Three experiments were conducted, each involving 4 dietary treatments and 8 replications of Large White × Landrace pigs.

Experiment 1 indicated that in barley meal diets of similar protein content sequential replacement of up to half the meat meal by fish meal resulted in significant linear improvements in both the rate and efficiency of gain of pigs growing from 55 to 85 lb live weight, but not thereafter.

In Experiment 2 improvements were found in the rate and efficiency of gain between 45 and 85 lb live weight when either half or all the dietary meat meal was replaced by fish meal. Advantages in growth performance due to including fish meal in the diet were not evident after pigs reached 85 lb live weight.

In Experiment 3, pigs fed from 45 to 85 lb live weight a barley diet containing meat meal supplemented with 0.5% lysine monohydrochloride grew at a rate and efficiency of gain similar to those of pigs receiving a 50/50 mixture of fish meal and meat meal in their diet.
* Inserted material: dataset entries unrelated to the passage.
(* The orbit accumulates only on the circle: the closure of the orbit
   adds nothing but circle points. *)
lemma closed_circle_Un_orbit: "closed (sphere 0 1 \<union> range orbit_pt)"
  unfolding closed_sequential_limits
proof (intro allI impI, elim conjE)
  fix z :: "nat \<Rightarrow> complex" and l
  assume z: "\<forall>k. z k \<in> sphere 0 1 \<union> range orbit_pt" and lim: "z \<longlonglongrightarrow> l"
  show "l \<in> sphere 0 1 \<union> range orbit_pt"
  proof (cases "cmod l = 1")
    case False
    define \<delta> where "\<delta> = \<bar>cmod l - 1\<bar>"
    have "0 < \<delta>" using False by (simp add: \<delta>_def)
    then obtain N where N: "\<forall>n. N \<le> nat \<bar>n\<bar> \<longrightarrow> \<bar>offset n\<bar> < \<delta>/2"
      using offset_small_at_infinity[of "\<delta>/2"] by auto
    define A where "A = orbit_pt ` {-int N..int N}"
    have near: "w \<in> A" if w: "w \<in> sphere 0 1 \<union> range orbit_pt" and wl: "dist w l < \<delta>/2" for w
    proof -
      have tri: "\<bar>cmod w - cmod l\<bar> < \<delta>/2"
        using norm_triangle_ineq3[of w l] wl by (simp add: dist_norm)
      hence "cmod w \<noteq> 1" by (auto simp: \<delta>_def abs_if split: if_splits)
      then obtain n where n: "w = orbit_pt n" using w by auto
      hence "\<delta>/2 \<le> \<bar>offset n\<bar>" using tri norm_orbit_pt[of n] by (auto simp: \<delta>_def abs_if split: if_splits)
      hence "\<not> N \<le> nat \<bar>n\<bar>" using N by force
      hence "n \<in> {-int N..int N}" by auto
      thus ?thesis using n by (simp add: A_def)
    qed
    have "\<forall>\<^sub>F k in sequentially. z k \<in> A"
      using tendstoD[OF lim, of "\<delta>/2"] \<open>0 < \<delta>\<close> z near by (auto elim: eventually_mono)
    moreover have "closed A" unfolding A_def by (intro finite_imp_closed) simp
    ultimately have "l \<in> A" using lim by (intro Lim_in_closed_set) auto
    thus ?thesis by (auto simp: A_def)
  qed simp
qed

lemma compact_emb_image: "compact (emb ` spiral_space)"
proof -
  have "cmod (orbit_pt n) \<le> 2" for n
    using offset_upper[of n] norm_orbit_pt[of n] power_le_one[of "1/2::real" "nat \<bar>n\<bar>"] by simp
  hence "sphere 0 1 \<union> range orbit_pt \<subseteq> cball (0::complex) 2" by auto
  hence "bounded (sphere 0 1 \<union> range orbit_pt)" using bounded_cball bounded_subset by blast
  thus ?thesis unfolding emb_image using closed_circle_Un_orbit by (simp add: compact_eq_bounded_closed)
qed

lemma spiral_compact: "compact_space (Metric_space.mtopology spiral_space spiral_dist)"
  unfolding spiral_dist_def[abs_def] by (rule compact_space_pullback[OF inj_on_emb compact_emb_image])

lemma spiral_map_circle:
  assumes "t \<in> {-1..<0}"
  shows "spiral_map t \<in> {-1..<0}" and "emb (spiral_map t) = cis (2*pi*alpha) * emb t"
proof -
  have f: "spiral_map t = frac (t + alpha) - 1" using assms by (simp add: spiral_map_def)
  show mem: "spiral_map t \<in> {-1..<0}" using f frac_lt_1[of "t + alpha"] frac_ge_0[of "t + alpha"] by simp
  have "emb (spiral_map t) = cis (2*pi*(frac (t + alpha) + of_int (-1)))" using f mem by (simp add: emb_circle)
  also have "\<dots> = cis (2*pi*(t + alpha))" by (simp only: cis_2pi_add_int cis_2pi_frac)
  also have "\<dots> = cis (2*pi*alpha) * cis (2*pi*t)" by (simp add: cis_mult distrib_left add.commute)
  finally show "emb (spiral_map t) = cis (2*pi*alpha) * emb t" using assms by (simp add: emb_circle)
qed

lemma spiral_map_exp: "spiral_map (exp x) = exp (x + 1)"
  by (simp add: spiral_map_def exp_add mult.commute)
lemma potential_match_if_card_strictly_between_eq:
  assumes disj: "B \<inter> R = {}" and b: "b \<in> B" and r: "r \<in> R"
    and fin: "finite ((B \<union> R) \<inter> strictly_between b r)"
    and balanced: "card (B \<inter> strictly_between b r) = card (R \<inter> strictly_between b r)"
  shows "r \<in> potential_matches B R b"
proof -
  let ?F = "(B \<union> R) \<inter> strictly_between b r"
  have "B \<inter> ?F = B \<inter> strictly_between b r" "R \<inter> ?F = R \<inter> strictly_between b r"
    by auto
  then obtain N where N: "nested_perfect_matching B R ?F N"
    using nested_perfect_matching_exists[of ?F B R] fin disj balanced by auto
  have "\<And>x. x \<in> ?F \<Longrightarrow> N x \<in> ?F"
    using N unfolding nested_perfect_matching_def by blast
  then have "nested_perfect_matching B R (insert b (insert r ?F)) (N(b := r, r := b))"
    using N disj b r endpoints_not_strictly_between
    by (intro nested_perfect_matching_insert_pair) auto
  moreover have "insert b (insert r ?F) = (B \<union> R) \<inter> {min b r..max b r}"
    using b r by (auto simp: strictly_between_def min_def max_def)
  ultimately have N': "nested_perfect_matching B R ((B \<union> R) \<inter> {min b r..max b r}) (N(b := r, r := b))"
    by simp
  have "b \<noteq> r"
    using b r disj by auto
  then show ?thesis
    unfolding potential_matches_def
    using r b nested_matching_of_interval[OF N' disj] by force
qed

lemma potential_matches_iff:
  assumes disj: "B \<inter> R = {}" and b: "b \<in> B"
    and fin: "finite ((B \<union> R) \<inter> strictly_between b r)"
  shows "r \<in> potential_matches B R b \<longleftrightarrow>
           r \<in> R \<and> card (B \<inter> strictly_between b r) = card (R \<inter> strictly_between b r)"
  using card_strictly_between_eq_if_matched[OF disj] potential_match_if_card_strictly_between_eq[OF disj b]
    assms unfolding potential_matches_def by blast

definition charge :: "real set \<Rightarrow> real set \<Rightarrow> real set \<Rightarrow> int" where
  "charge B R S = int (card (B \<inter> S)) - int (card (R \<inter> S))"

lemma charge_empty [simp]: "charge B R {} = 0"
  by (simp add: charge_def)

lemma charge_Un:
  assumes "finite ((B \<union> R) \<inter> S)" "finite ((B \<union> R) \<inter> T)" "S \<inter> T = {}"
  shows "charge B R (S \<union> T) = charge B R S + charge B R T"
proof -
  have "card (X \<inter> (S \<union> T)) = card (X \<inter> S) + card (X \<inter> T)" if "X \<subseteq> B \<union> R" for X
  proof -
    have "X \<inter> (S \<union> T) = (X \<inter> S) \<union> (X \<inter> T)"
      by blast
    moreover have "finite (X \<inter> S)" "finite (X \<inter> T)"
      using assms(1,2) that by (meson finite_subset inf_mono order_refl)+
    ultimately show ?thesis
      using assms(3) by (simp add: card_Un_disjoint disjoint_iff)
  qed
  then show ?thesis
    unfolding charge_def by simp
qed

definition discrepancy :: "real set \<Rightarrow> real set \<Rightarrow> real \<Rightarrow> int" where
  "discrepancy B R x = charge B R {0..<x} - charge B R {x..<0}"

lemma discrepancy_diff:
  assumes fin: "\<forall>a c. finite ((B \<union> R) \<inter> {a..c})" and "x \<le> y"
  shows "discrepancy B R y - discrepancy B R x = charge B R {x..<y}"
proof -
  have fin': "finite ((B \<union> R) \<inter> {a..<c})" for a c
    using fin by (meson finite_subset Int_mono atLeastLessThan_subseteq_atLeastAtMost_iff order_refl)
  consider "0 \<le> x" | "x < 0" "0 \<le> y" | "y < 0"
    by linarith
  then show ?thesis
  proof cases
    case 1
    then have "{0..<y} = {0..<x} \<union> {x..<y}"
      using \<open>x \<le> y\<close> by auto
    then show ?thesis
      using 1 \<open>x \<le> y\<close> charge_Un[OF fin' fin', of 0 x x y] unfolding discrepancy_def by simp
  next
    case 2
    then have "{x..<y} = {x..<0} \<union> {0..<y}"
      by auto
    then show ?thesis
      using 2 charge_Un[OF fin' fin', of x 0 0 y] unfolding discrepancy_def by simp
  next
    case 3
    then have "{x..<0} = {x..<y} \<union> {y..<0}"
      using \<open>x \<le> y\<close> by auto
    then show ?thesis
      using 3 \<open>x \<le> y\<close> charge_Un[OF fin' fin', of x y y 0] unfolding discrepancy_def by simp
  qed
qed

lemma card_strictly_between_eq_iff_discrepancy:
  assumes disj: "B \<inter> R = {}" and fin: "\<forall>a c. finite ((B \<union> R) \<inter> {a..c})"
    and b: "b \<in> B" and r: "r \<in> R"
  shows "card (B \<inter> strictly_between b r) = card (R \<inter> strictly_between b r) \<longleftrightarrow>
           discrepancy B R r = discrepancy B R b + 1"
proof -
  let ?I = "strictly_between b r"
  have fin_I: "finite ((B \<union> R) \<inter> ?I)"
    using finite_strictly_between[OF fin] .
  have fin_point: "finite ((B \<union> R) \<inter> {p})" for p
    by simp
  have balanced_iff: "card (B \<inter> ?I) = card (R \<inter> ?I) \<longleftrightarrow> charge B R ?I = 0"
    by (simp add: charge_def)
  show ?thesis
  proof (cases "b < r")
    case True
    then have "{b..<r} = {b} \<union> ?I"
      by (auto simp: strictly_between_def)
    moreover have "charge B R {b} = 1"
      using b disj by (auto simp: charge_def)
    ultimately have "charge B R {b..<r} = 1 + charge B R ?I"
      using charge_Un[OF fin_point fin_I, of b] by (simp add: strictly_between_def)
    then show ?thesis
      using discrepancy_diff[OF fin, of b r] True balanced_iff by linarith
  next
    case False
    then have "r < b"
      using b r disj by (cases "b = r") auto
    then have "{r..<b} = {r} \<union> ?I"
      by (auto simp: strictly_between_def)
    moreover have "charge B R {r} = -1"
      using r disj by (auto simp: charge_def)
    ultimately have "charge B R {r..<b} = -1 + charge B R ?I"
      using charge_Un[OF fin_point fin_I, of r] by (simp add: strictly_between_def)
    then show ?thesis
      using discrepancy_diff[OF fin, of r b] \<open>r < b\<close> balanced_iff by linarith
  qed
qed

theorem potential_matches_eq_discrepancy_level:
  assumes disj: "B \<inter> R = {}" and fin: "\<forall>a c. finite ((B \<union> R) \<inter> {a..c})" and b: "b \<in> B"
  shows "potential_matches B R b = {r \<in> R. discrepancy B R r = discrepancy B R b + 1}"
  using potential_matches_iff[OF disj b finite_strictly_between[OF fin]]
    card_strictly_between_eq_iff_discrepancy[OF disj fin b] by blast

theorem lemma4p3:
  fixes B R :: "real set" and b1 b2 :: real
  assumes disj: "B \<inter> R = {}"
    and loc_fin: "\<forall>a c. finite ((B \<union> R) \<inter> {a..c})"
    and "b1 \<in> B" and "b2 \<in> B"
    and "potential_matches B R b1 \<inter> potential_matches B R b2 \<noteq> {}"
  shows "potential_matches B R b1 = potential_matches B R b2"
proof -
  note levels = potential_matches_eq_discrepancy_level[OF disj loc_fin]
  have "discrepancy B R b1 = discrepancy B R b2"
    using assms(5) unfolding levels[OF \<open>b1 \<in> B\<close>] levels[OF \<open>b2 \<in> B\<close>] by auto
  then show ?thesis
    unfolding levels[OF \<open>b1 \<in> B\<close>] levels[OF \<open>b2 \<in> B\<close>] by simp
qed

end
Only in Experiment 2 was there a difference between treatments in the lean content of dissected sample joints. Those from carcasses of pigs which had received fish meal as the sole protein concentrate throughout con:ained more lean than those from pigs which had received either a mixture of meat meal and fish meal in their diet up to 85 lb live weight and then just meat meal, or meat meal alone throughout. They also contained less fat than the latter.
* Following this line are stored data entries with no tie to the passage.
definition P0bar :: "real \<Rightarrow> real \<Rightarrow> nat list \<Rightarrow> nat list \<Rightarrow> real" where
  "P0bar q t lam nu = t powi (nfun nu - nfun lam) * alphabar q t nu lam"

definition P1 :: "real \<Rightarrow> real \<Rightarrow> nat list \<Rightarrow> nat list \<Rightarrow> nat list \<Rightarrow> real" where
  "P1 q t lam mu nu = t powi (gB nu lam mu - 1) * alpha q t nu lam * beta q t lam mu / gamma q t nu lam mu"

definition P1bar :: "real \<Rightarrow> real \<Rightarrow> nat list \<Rightarrow> nat list \<Rightarrow> nat list \<Rightarrow> real" where
  "P1bar q t lam mu nu = t powi (gB nu lam mu - 1) * alphabar q t nu lam * betabar q t lam mu / gamma q t nu lam mu"

definition dpar :: "nat list \<Rightarrow> nat" where
  "dpar lam = length (remdups lam)"

text \<open>u_i (1-based), with u_{d+1} = 0.\<close>
definition upar :: "nat list \<Rightarrow> nat \<Rightarrow> nat" where
  "upar lam i = (if 1 \<le> i \<and> i \<le> dpar lam then remdups lam ! (i - 1) else 0)"

definition vpar :: "nat list \<Rightarrow> nat \<Rightarrow> nat" where
  "vpar lam i = length (filter (\<lambda>x. x = upar lam i) lam)"

definition hpar :: "nat list \<Rightarrow> nat \<Rightarrow> nat" where
  "hpar lam i = upar lam i - upar lam (i + 1)"

text \<open>h_{i,j}, v_{i,j}; these are 0 when i > j.\<close>
definition hsum :: "nat list \<Rightarrow> nat \<Rightarrow> nat \<Rightarrow> nat" where
  "hsum lam i j = (\<Sum>k\<in>{i..j}. hpar lam k)"

definition vsum :: "nat list \<Rightarrow> nat \<Rightarrow> nat \<Rightarrow> nat" where
  "vsum lam i j = (\<Sum>k\<in>{i..j}. vpar lam k)"

definition add_cell :: "nat list \<Rightarrow> nat \<Rightarrow> nat list" where
  "add_cell lam i = (if i = Suc (length lam) then lam @ [1] else lam[i - 1 := Suc (lam ! (i - 1))])"

definition rem_cell :: "nat list \<Rightarrow> nat \<Rightarrow> nat list" where
  "rem_cell lam i = filter (\<lambda>x. 0 < x) (lam[i - 1 := lam ! (i - 1) - 1])"

definition lam_plus :: "nat list \<Rightarrow> nat \<Rightarrow> nat list" where
  "lam_plus lam s = add_cell lam (vsum lam 1 s + 1)"

definition lam_minus :: "nat list \<Rightarrow> nat \<Rightarrow> nat list" where
  "lam_minus lam r = (if r = 0 then lam else rem_cell lam (vsum lam 1 r))"

definition ppar :: "real \<Rightarrow> real \<Rightarrow> nat list \<Rightarrow> nat \<Rightarrow> nat \<Rightarrow> real" where
  "ppar q t lam r s = (if r = 0 then P0 q t lam (lam_plus lam s)
                       else P1 q t lam (lam_minus lam r) (lam_plus lam s))"

definition pbarpar :: "real \<Rightarrow> real \<Rightarrow> nat list \<Rightarrow> nat \<Rightarrow> nat \<Rightarrow> real" where
  "pbarpar q t lam r s = (if r = 0 then P0bar q t lam (lam_plus lam s)
                       else P1bar q t lam (lam_minus lam r) (lam_plus lam s))"

definition pcol :: "real \<Rightarrow> real \<Rightarrow> nat list \<Rightarrow> nat \<Rightarrow> nat \<Rightarrow> real" where
  "pcol q t lam r s = ppar (1 / q) (1 / t) lam r s"

definition pbarcol :: "real \<Rightarrow> real \<Rightarrow> nat list \<Rightarrow> nat \<Rightarrow> nat \<Rightarrow> real" where
  "pbarcol q t lam r s = pbarpar (1 / q) (1 / t) lam r s"

definition gammap :: "real \<Rightarrow> real \<Rightarrow> nat list \<Rightarrow> nat \<Rightarrow> nat \<Rightarrow> real" where
  "gammap q t lam r s =
    (if 0 < r \<and> r \<le> s then
       br q t (hsum lam r s) (vsum lam (r + 1) s) * br q t (int (hsum lam r s) - 1) (int (vsum lam (r + 1) s) + 1)
         / (br q t 0 1 * br q t 1 0)
     else
       br q t (hsum lam (s + 1) (r - 1)) (vsum lam (s + 1) r) *
       br q t (int (hsum lam (s + 1) (r - 1)) + 1) (int (vsum lam (s + 1) r) - 1)
         / (br q t 0 1 * br q t 1 0))"

definition taucol :: "real \<Rightarrow> real \<Rightarrow> nat list \<Rightarrow> nat \<Rightarrow> nat \<Rightarrow> real" where
  "taucol q t lam r s =
    (if 0 < r \<and> r \<le> s then q powi (-1 + int (hsum lam r s)) * t powi (1 + 2 * int (vsum lam (r + 1) s))
     else q powi (int (hsum lam (s + 1) (r - 1))))"

text \<open>Genericity of (q,t): identities of rational functions in q,t are stated at all
  points where no monomial q^i t^j with (i,j) \<noteq> (0,0) equals 1 (a Zariski-dense set).\<close>
definition generic_qt :: "real \<Rightarrow> real \<Rightarrow> bool" where
  "generic_qt q t \<longleftrightarrow> q \<noteq> 0 \<and> t \<noteq> 0 \<and> (\<forall>i j :: int. (i, j) \<noteq> (0, 0) \<longrightarrow> q powi i * t powi j \<noteq> 1)"

end

(*
  Replacing (q, t) by (1/q, 1/t) turns a bracket [i, j] into [-i, -j] = -q^-i t^-j [i, j].
  If rho arises from kappa by adding the cell (kappa_y + 1, y), then across R only arms and across C
  only legs change (by one), so every factor of alpha or alphabar picks up one q (on R) or one t
  (on C); as |R| = kappa_y and |C| = y - 1, both get multiplied by q^kappa_y t^(y-1), which also
  equals q^n'(rho/kappa) t^n(rho/kappa).  Likewise gamma picks up q^-2A t^(2-2B), and the monomials
  in P(mu -> nu) at (1/q, 1/t) collapse to q^A t^(2B-1).  For lambda^(+s) the new cell lies in row
  v_{1,s} + 1 of length u_{s+1}, for lambda^(-r) the removed one in row v_{1,r} of length u_r, so
  A = u_r - 1 - u_{s+1} and B = v_{1,s} + 1 - v_{1,r}.  Written through h_{i,j} and v_{i,j} these
  give tau^col and gamma' directly when r <= s; when r > s both brackets of gamma are reflected
  [i, j] -> [-i, -j], which leaves q^h_{s+1,r-1}.
*)

theory Submission
  imports Defs
begin

section \<open>Inverting q and t\<close>

lemma br_inverse: "br (1/q) (1/t) i j = br q t (-i) (-j)"
  by (simp add: br_def power_int_divide_distrib power_int_minus_divide)

lemma br_uminus:
  fixes q t :: real
  assumes "q \<noteq> 0" "t \<noteq> 0"
  shows "br q t (-i) (-j) = - (q powi (-i) * t powi (-j)) * br q t i j"
  using assms by (simp add: br_def power_int_minus field_simps)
A trained taste panel were unable to detect any effect of dietary treatment on the incidence of off-flavour or off-odour in cold roasted joints taken from the carcasses of pigs completing Experiment 1. Although there was some indication in Experiment 2 that as the proportion of fish meal in the diet increased from 0 to 14% the incidence of these characteristics increased, judges were inconsistent in detection.